Following software is required to run the HTTP server:
* **JDK1.8**
* **MySQL**5.5+
* *Gradle* \*

\* Gradle can be automatically installed via Gradle Wrapper, that is:

Linux:
```bash
ensembl-ftp-search~$ ./gradlew
```

Windows:
```cmd
ensembl-ftp-search> exec gradlew.bat

```

Javascript user interface was built using *React* libraries and is therefore dependent on **Node** and `npm`.
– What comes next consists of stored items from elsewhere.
(* Consider the lattice Boltzmann scheme described in the context, under acoustic scaling ($\lambda>0$ fixed as $\Delta x\to 0$, with $M$, $S$, $\epsilon$ independent of $\Delta x$), and a local initialisation $w\in\mathbb{R}^{q}$. Then for every $n\in\mathbb{N}^*$ the modified equation of the $n$-th starting scheme is, for $x\in\mathbb{R}^{d}$, \begin{align*} \phi(0,x) &+ n\frac{\Delta x}{\lambda}\partial_t\phi(0,x) + O(\Delta x^2)\\ &= w_1\phi(0,x) - n\Delta x\Big(\mathcal{G}_{11}w_1 + \sum_{r=2}^{q}\mathcal{G}_{1r}w_r + \frac{1}{n}\sum_{r=2}^{q}\mathcal{G}_{1r}(\epsilon_r w_1 - w_r)\sum_{\ell=0}^{n-1}\pi_{n-\ell}(s_r)\Big)\phi(0,x) + O(\Delta x^2), \end{align*} where $\pi_\ell(X)=1-(1-X)^\ell$ for $\ell\in\mathbb{N}$. In particular, for every smooth $\phi$, $((E^n w)_1\phi(0,\cdot))(x)$ admits the expansion given by the right-hand side.
   Context: Fix $d\ge 1$, $q\ge 1$, discrete velocities $c_1,\dots,c_q\in\mathbb{Z}^d$, an invertible moment matrix $M\in GL_q(\mathbb{R})$, a relaxation matrix $S=\mathrm{diag}(s_1,\dots,s_q)$ with $s_i\in(0,2]$ for $i\in\{2,\dots,q\}$ and $s_1\in\mathbb{R}$, and equilibrium coefficients $\epsilon\in\mathbb{R}^q$ with $\epsilon_1=1$. The collision matrix is $K=I-S(I-\epsilon e_1^T)$, with $e_1$ the first canonical vector. Let $\Delta x>0$ be the space step, $\lambda>0$ the lattice velocity and $\Delta t=\Delta x/\lambda$. For $\ell=1,\dots,d$ the shift operator $x_\ell$ acts on functions of $x\in\mathbb{R}^d$ by $(x_\ell\phi)(x)=\phi(x-\Delta x\, e_\ell)$, and for $c\in\mathbb{Z}^d$, $x^{c}=x_1^{c_1}\cdots x_d^{c_d}$. The transport matrix is $T=M\,\mathrm{diag}(x^{c_1},\dots,x^{c_q})M^{-1}$ and the evolution matrix is $E=TK$ (entries are Laurent polynomials in the shifts). The time shift is $(z\phi)(t)=\phi(t+\Delta t)$. The lattice Boltzmann scheme updates the vector of moments by $m(t+\Delta t,\cdot)=E\,m(t,\cdot)$; $m_1$ is the conserved moment. The matrix of first-order differential operators is $\mathcal{G}=M\,\mathrm{diag}(c_1\cdot\nabla_x,\dots,c_q\cdot\nabla_x)M^{-1}$ with entries $\mathcal{G}_{ij}$. Given the lattice discretisation $m_1^\circ$ of an initial datum, the initialisation is $m(0,x)=w\,m_1^\circ(x)$; it is local if $w\in\mathbb{R}^q$. The $n$-th starting scheme ($n\in\mathbb{N}^*$) is $m_1(n\Delta t,x)=(E^n w)_1 m_1^\circ(x)$. Its modified equation is obtained by replacing the discrete unknowns by a smooth function $\phi(t,x)$, so that the scheme reads $(z^n\phi)(0,x)=((E^nw)_1\phi(0,\cdot))(x)$, and Taylor-expanding both sides in powers of $\Delta x$ as $\Delta x\to 0$. *)

theory Defs
  imports "HOL-Analysis.Analysis" "HOL-Library.Landau_Symbols"
begin

fun Ck :: "nat \<Rightarrow> ('a::real_normed_vector \<Rightarrow> real) \<Rightarrow> bool" where
  "Ck 0 f = continuous_on UNIV f"
| "Ck (Suc k) f = (\<exists>f'. (\<forall>x. (f has_derivative f' x) (at x)) \<and> (\<forall>v. Ck k (\<lambda>x. f' x v)))"

definition smooth_fun :: "('a::real_normed_vector \<Rightarrow> real) \<Rightarrow> bool" where
  "smooth_fun f \<longleftrightarrow> (\<forall>k. Ck k f)"

definition realv :: "int^'d \<Rightarrow> real^'d" where
  "realv c = (\<chi> a. real_of_int (c $ a))"

text \<open>Collision matrix K = I - S (I - eps e_1^T), indices 1..q.\<close>
definition Kmat :: "(nat \<Rightarrow> real) \<Rightarrow> (nat \<Rightarrow> real) \<Rightarrow> nat \<Rightarrow> nat \<Rightarrow> real" where
  "Kmat s eps i j = (if i = j then 1 else 0) - s i * ((if i = j then 1 else 0) - eps i * (if j = 1 then 1 else 0))"

text \<open>One application of the evolution matrix E = T K (T = M diag(x^{c_k}) M^{-1}) to a
vector of moment functions, for space step dx. The shift x^c acts by
(x^c f)(x) = f(x - dx c).\<close>
definition lbm_step ::
  "nat \<Rightarrow> (nat \<Rightarrow> int^'d) \<Rightarrow> (nat \<Rightarrow> nat \<Rightarrow> real) \<Rightarrow> (nat \<Rightarrow> nat \<Rightarrow> real)
   \<Rightarrow> (nat \<Rightarrow> real) \<Rightarrow> (nat \<Rightarrow> real) \<Rightarrow> real
   \<Rightarrow> (nat \<Rightarrow> real^'d \<Rightarrow> real) \<Rightarrow> (nat \<Rightarrow> real^'d \<Rightarrow> real)" where
  "lbm_step q c M Minv s eps dx m =
     (\<lambda>i x. \<Sum>k=1..q. M i k *
        (\<Sum>j=1..q. Minv k j * (\<Sum>l=1..q. Kmat s eps j l * m l (x - dx *\<^sub>R realv (c k)))))"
Update job requires *Perl 5.24+* to run.

### Configuration

Spring Boot application is configured using `main/resources/application.properties` file in the Java sources root **or** passing the command line arguments, e. g. `java -jar build/libs/ensembl-ftp-search-XXXXX.jar --server.port 9988`. See [Spring documentation] for a comprehensive list of Spring Boot options available.
Please _pay special attention_ to the `spring.datasource` group values, as they should point to **running and accessible
MySQL database**. Without it, the application won't be able to start.

[Spring documentation]: https://docs.spring.io/spring-boot/docs/current/reference/html/common-application-properties.html

### Startup

HTTP server is started with `./gradlew bootRun` (or `gradle bootRun` if you already have Gradle) command.

### Logging

HTTP server logs into the command line from which it was started.